DESCRIPTION OF THE TASK: Scan the lines below and report each one containing "alpha" by copying it.

-------- MATERIAL SUPPLIED --------

(* Every pair-symmetric grid-labelled graph (with at least one edge) is separable.
   Context: A grid-labelled graph of type $(a,b)$ is a simple graph $G$ whose vertex set is the grid $[a]\times[b]$. If $G$ has $m\ge1$ edges, $\rho(G)=L(G)/(2m)$, where $L(G)$ is the combinatorial Laplacian, viewed as a density matrix on $\mathbb{C}^a\otimes\mathbb{C}^b$ with vertex $(i,j)$ corresponding to $|i\rangle\otimes|j\rangle$; $G$ is separable if $\rho(G)$ is a convex combination of tensor products of density matrices. An edge $\{(i,j),(k,l)\}$ is diagonal if $i\neq k$ and $j\neq l$. $G$ is pair-symmetric if for each diagonal edge $\{(i,j),(k,l)\}\in E(G)$, the edge $\{(k,j),(i,l)\}$ also belongs to $E(G)$. *)

theory Defs
  imports Complex_Main
begin

(* Matrices of dimension n are functions nat => nat => complex, only the
   entries with indices < n being relevant. Grid vertices are (i,j) with
   i < a, j < b (0-based); vertex (i,j) corresponds to basis index i*b+j,
   i.e. |i> (x) |j> in C^a (x) C^b. *)

definition grid :: "nat \<Rightarrow> nat \<Rightarrow> (nat \<times> nat) set" where
  "grid a b = {0..<a} \<times> {0..<b}"

definition grid_graph :: "nat \<Rightarrow> nat \<Rightarrow> (nat \<times> nat) set set \<Rightarrow> bool" where
  "grid_graph a b E \<longleftrightarrow>
     (\<forall>e\<in>E. \<exists>u v. u \<in> grid a b \<and> v \<in> grid a b \<and> u \<noteq> v \<and> e = {u, v})"

definition vtx :: "nat \<Rightarrow> nat \<Rightarrow> nat \<times> nat" where
  "vtx b r = (r div b, r mod b)"

definition laplacian :: "nat \<Rightarrow> (nat \<times> nat) set set \<Rightarrow> nat \<Rightarrow> nat \<Rightarrow> complex" where
  "laplacian b E r c =
     (if r = c then of_nat (card {e \<in> E. vtx b r \<in> e})
      else if {vtx b r, vtx b c} \<in> E then -1 else 0)"

definition rho :: "nat \<Rightarrow> (nat \<times> nat) set set \<Rightarrow> nat \<Rightarrow> nat \<Rightarrow> complex" where
  "rho b E r c = laplacian b E r c / of_nat (2 * card E)"

definition density_matrix :: "nat \<Rightarrow> (nat \<Rightarrow> nat \<Rightarrow> complex) \<Rightarrow> bool" where
  "density_matrix n M \<longleftrightarrow>
     (\<forall>i<n. \<forall>j<n. M j i = cnj (M i j)) \<and>
     (\<forall>v :: nat \<Rightarrow> complex. 0 \<le> Re (\<Sum>i<n. \<Sum>j<n. cnj (v i) * M i j * v j)) \<and>
     (\<Sum>i<n. M i i) = 1"

definition kron :: "nat \<Rightarrow> (nat \<Rightarrow> nat \<Rightarrow> complex) \<Rightarrow> (nat \<Rightarrow> nat \<Rightarrow> complex)
                      \<Rightarrow> nat \<Rightarrow> nat \<Rightarrow> complex" where
  "kron b A B r c = A (r div b) (c div b) * B (r mod b) (c mod b)"
(* Let $\Omega$ be a set and let $G=H\times K\leq{\rm Sym}(\Omega)$ be a finite transitive group which is the internal direct product of subgroups $H$ and $K$ with $\gcd(|H|,|K|)=1$. Let $\alpha\in\Omega$ (so $\Omega=\alpha^G$), $\Omega_1=\alpha^H$ and $\Omega_2=\alpha^K$. Then $G$ acts on $\Omega_1\times\Omega_2$ by the rule $(\alpha^h,\alpha^k)^g=(\alpha^{hh_1},\alpha^{kk_1})$ for $h\in H$, $k\in K$ and $g=h_1k_1$ with $h_1\in H$, $k_1\in K$, and the action of $G$ on $\Omega$ is equivalent to this action of $G$ on $\Omega_1\times\Omega_2$.
   Context: Permutations act on the right; $\alpha^X$ denotes the orbit of $\alpha$ under $X$. Two actions of $G$ on sets $\Omega$ and $\Delta$ are equivalent if there is a bijection $\lambda:\Omega\to\Delta$ with $\lambda(\beta^x)=\lambda(\beta)^x$ for all $\beta\in\Omega$, $x\in G$. *)

theory Defs
  imports "HOL-Algebra.Group_Action"
begin

definition transitive_on :: "('a \<Rightarrow> 'a) set \<Rightarrow> 'a set \<Rightarrow> bool" where
  "transitive_on G \<Omega> \<longleftrightarrow> (\<forall>\<beta>\<in>\<Omega>. \<forall>\<gamma>\<in>\<Omega>. \<exists>g\<in>G. g \<beta> = \<gamma>)"

definition internal_direct_product :: "('g, 'b) monoid_scheme \<Rightarrow> 'g set \<Rightarrow> 'g set \<Rightarrow> 'g set \<Rightarrow> bool" where
  "internal_direct_product S G H K \<longleftrightarrow>
     subgroup G S \<and> subgroup H S \<and> subgroup K S \<and> H \<subseteq> G \<and> K \<subseteq> G \<and>
     H <#>\<^bsub>S\<^esub> K = G \<and> H \<inter> K = {\<one>\<^bsub>S\<^esub>} \<and>
     (\<forall>h\<in>H. \<forall>k\<in>K. h \<otimes>\<^bsub>S\<^esub> k = k \<otimes>\<^bsub>S\<^esub> h)"
(* Let $n\ge 2$, $m\ge 1$, let $\mathcal{R}=(r_{li})$ be an $(n+1)\times(n+1)$ normalized orthogonal matrix, let $\mathcal{A}\in S_{m,n+1}$ and $\mathcal{B}=\mathcal{R}^m\mathcal{A}$. Then $\mathcal{A}$ is completely decomposable if and only if $\mathcal{B}$ is completely decomposable, and $\mathcal{A}$ is regularly decomposable if and only if $\mathcal{B}$ is regularly decomposable.
   Context: $S_{m,n+1}$ is the space of real symmetric tensors $\mathcal{A}=(a_{i_1\ldots i_m})$ of order $m$ and dimension $n+1$, indices in $\{0,\ldots,n\}$; vectors are $\mathbf{x}=(x_0,\ldots,x_n)^\top$. A normalized orthogonal matrix is a matrix of the form $\mathcal{R}=\begin{pmatrix}1&\mathbf{0}^\top\\ \mathbf{0}&R\end{pmatrix}$ with $R$ an $n\times n$ real orthogonal matrix. $\mathcal{B}=\mathcal{R}^m\mathcal{A}$ means $b_{l_1\ldots l_m}=\sum_{i_1,\ldots,i_m=0}^n a_{i_1\ldots i_m}r_{l_1i_1}\cdots r_{l_mi_m}$. $\mathcal{A}$ is completely decomposable if $\mathcal{A}=\sum_{k=1}^r(\mathbf{u}^{(k)})^{\otimes m}$ for some $\mathbf{u}^{(k)}\in\mathbb{R}^{n+1}$, where $\mathbf{u}^{\otimes m}$ has entries $u_{i_1}\cdots u_{i_m}$. A vector $\mathbf{x}$ is regular if $x_0\ne0$ and $x_0^2=x_1^2+\cdots+x_n^2$. Row tensors: $\mathcal{A}_i=(a_{ii_2\ldots i_m})\in S_{m-1,n+1}$. Regularly decomposable: for even $m=2l$, $\mathcal{A}=\sum_{k=1}^r(\mathbf{u}^{(k)})^{\otimes m}$ with all $\mathbf{u}^{(k)}$ regular; for odd $m=2l+1$, $\mathcal{A}_0=\sum_{k=1}^r(\mathbf{u}^{(k)})^{\otimes 2l}$ with all $\mathbf{u}^{(k)}$ regular and $\mathcal{A}_i=\sum_{k=1}^r\frac{u^{(k)}_i}{u^{(k)}_0}(\mathbf{u}^{(k)})^{\otimes 2l}$ for $i=1,\ldots,n$. *)

theory Defs
  imports Complex_Main "HOL-Library.Multiset"
begin

text \<open>Tensors of order m and dimension n+1 are functions on index lists
  (i_1,...,i_m) with entries in {0..n}; outside this index set they are 0.\<close>

definition idx :: "nat \<Rightarrow> nat \<Rightarrow> nat list set" where
  "idx m n = {is. length is = m \<and> set is \<subseteq> {0..n}}"

definition sym_tensor :: "nat \<Rightarrow> nat \<Rightarrow> (nat list \<Rightarrow> real) \<Rightarrow> bool" where
  "sym_tensor m n A \<longleftrightarrow>
     (\<forall>is\<in>idx m n. \<forall>js. mset js = mset is \<longrightarrow> A js = A is) \<and>
     (\<forall>is. is \<notin> idx m n \<longrightarrow> A is = 0)"

definition normalized_orthogonal :: "nat \<Rightarrow> (nat \<Rightarrow> nat \<Rightarrow> real) \<Rightarrow> bool" where
  "normalized_orthogonal n R \<longleftrightarrow>
     R 0 0 = 1 \<and> (\<forall>i\<in>{1..n}. R 0 i = 0 \<and> R i 0 = 0) \<and>
     (\<forall>i\<in>{1..n}. \<forall>j\<in>{1..n}. (\<Sum>k=1..n. R i k * R j k) = (if i = j then 1 else 0)) \<and>
     (\<forall>i\<in>{1..n}. \<forall>j\<in>{1..n}. (\<Sum>k=1..n. R k i * R k j) = (if i = j then 1 else 0))"
(* Fix any $H\ge2$. For any offline algorithm $\mathrm{Algo}$ (mapping datasets to policies) and any coefficients $\{\kappa_h\}_{h\ge1}$ with $\kappa_h\ge2$, there exist a linear MDP $\mathcal{M}=(\mathcal{S},\mathcal{A},H,\mathbb{P},r,d_0)$ with positive minimum sub-optimality gap $\Delta_{\min}>0$ and a behavior policy $\mu$ generating a dataset $\mathcal{D}=\{(s_h^t,a_h^t,r_h^t)\}_{h\in[H]}^{t\in[K]}\sim\mathcal{P}(\cdot\mid\mathcal{M},\mu)$ with $\sup_{s_h,a_h}\frac{d^{\mathcal{M},*}_h(s_h,a_h)}{d^{\mathcal{M},\mu}_h(s_h,a_h)}\le\kappa_h$ for all $h\in[H]$, such that \[ \mathbb{E}_{\mathcal{D}\sim\mathcal{M}}[\mathrm{SubOpt}(\mathrm{Algo}(\mathcal{D});\mathcal{M})]=\Omega\Big(\frac{\kappa_{\min}H^2}{K\Delta_{\min}}\Big), \] where $\kappa_{\min}=\min\{\kappa_h:h\in[H]\}$.
   Context: Episodic MDP with horizon $H$, initial distribution $d_0$, transitions $\mathbb{P}_h$, mean rewards $r_h\in[0,1]$. For a policy $\pi$, $V^\pi_h,Q^\pi_h$ are its value functions and $V^*,Q^*$ the optimal ones; $d^{\mathcal{M},\pi}_h(s,a)$ is the state-action visitation density at step $h$ under $\pi$ in $\mathcal{M}$, and $d^{\mathcal{M},*}_h$ that of an optimal policy. $\mathrm{SubOpt}(\pi;\mathcal{M})=\mathbb{E}_{s\sim d_0}[V^*_1(s)-V^\pi_1(s)]$. Linear MDP: there are known features $\phi_h:\mathcal{S}\times\mathcal{A}\to\mathbb{R}^d$, $\|\phi_h\|_2\le1$, with $r_h(s,a)=\phi_h(s,a)^T\theta_h$ and $\mathbb{P}_h(s'|s,a)=\phi_h(s,a)^T\mu_h(s')$. Sub-optimality gaps $\Delta_h(s,a)=V^*_h(s)-Q^*_h(s,a)$, $\Delta_{\min}=\min_{s,a,h}\{\Delta_h(s,a):\Delta_h(s,a)\neq0\}$. The dataset consists of $K$ episodes of trajectories generated by running $\mu$ in $\mathcal{M}$. *)

theory Defs
  imports "HOL-Probability.Probability"
begin

text \<open>Episodic MDP over countable state and action spaces (both encoded as nat).
  Steps are indexed h = 1..H. Rewards are random (reward distribution rew),
  mean rewards are their expectations.\<close>

record mdp =
  init  :: "nat pmf"
  trans :: "nat \<Rightarrow> nat \<Rightarrow> nat \<Rightarrow> nat pmf"
  rew   :: "nat \<Rightarrow> nat \<Rightarrow> nat \<Rightarrow> real pmf"

text \<open>Markov (possibly stochastic) policies: \<pi> h s is a distribution over actions.\<close>
type_synonym policy = "nat \<Rightarrow> nat \<Rightarrow> nat pmf"

type_synonym dataset = "(nat \<times> nat \<times> real) list list"

definition mean_rew :: "mdp \<Rightarrow> nat \<Rightarrow> nat \<Rightarrow> nat \<Rightarrow> real" where
  "mean_rew M h s a = measure_pmf.expectation (rew M h s a) (\<lambda>x. x)"

text \<open>Value of policy \<pi> with k steps to go (current step H - k + 1).\<close>
fun Vpi_aux :: "nat \<Rightarrow> mdp \<Rightarrow> policy \<Rightarrow> nat \<Rightarrow> nat \<Rightarrow> real" where
  "Vpi_aux H M \<pi> 0 s = 0"
| "Vpi_aux H M \<pi> (Suc k) s =
     measure_pmf.expectation (\<pi> (H - k) s)
       (\<lambda>a. mean_rew M (H - k) s a
             + measure_pmf.expectation (trans M (H - k) s a) (Vpi_aux H M \<pi> k))"

definition Vpi :: "nat \<Rightarrow> mdp \<Rightarrow> policy \<Rightarrow> nat \<Rightarrow> nat \<Rightarrow> real" where
  "Vpi H M \<pi> h s = Vpi_aux H M \<pi> (H + 1 - h) s"

definition Qpi :: "nat \<Rightarrow> mdp \<Rightarrow> policy \<Rightarrow> nat \<Rightarrow> nat \<Rightarrow> nat \<Rightarrow> real" where
  "Qpi H M \<pi> h s a = mean_rew M h s a + measure_pmf.expectation (trans M h s a) (Vpi H M \<pi> (h + 1))"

--------

YOUR SOLUTION:
(* Let $\Omega$ be a set and let $G=H\times K\leq{\rm Sym}(\Omega)$ be a finite transitive group which is the internal direct product of subgroups $H$ and $K$ with $\gcd(|H|,|K|)=1$. Let $\alpha\in\Omega$ (so $\Omega=\alpha^G$), $\Omega_1=\alpha^H$ and $\Omega_2=\alpha^K$. Then $G$ acts on $\Omega_1\times\Omega_2$ by the rule $(\alpha^h,\alpha^k)^g=(\alpha^{hh_1},\alpha^{kk_1})$ for $h\in H$, $k\in K$ and $g=h_1k_1$ with $h_1\in H$, $k_1\in K$, and the action of $G$ on $\Omega$ is equivalent to this action of $G$ on $\Omega_1\times\Omega_2$.
   Context: Permutations act on the right; $\alpha^X$ denotes the orbit of $\alpha$ under $X$. Two actions of $G$ on sets $\Omega$ and $\Delta$ are equivalent if there is a bijection $\lambda:\Omega\to\Delta$ with $\lambda(\beta^x)=\lambda(\beta)^x$ for all $\beta\in\Omega$, $x\in G$. *)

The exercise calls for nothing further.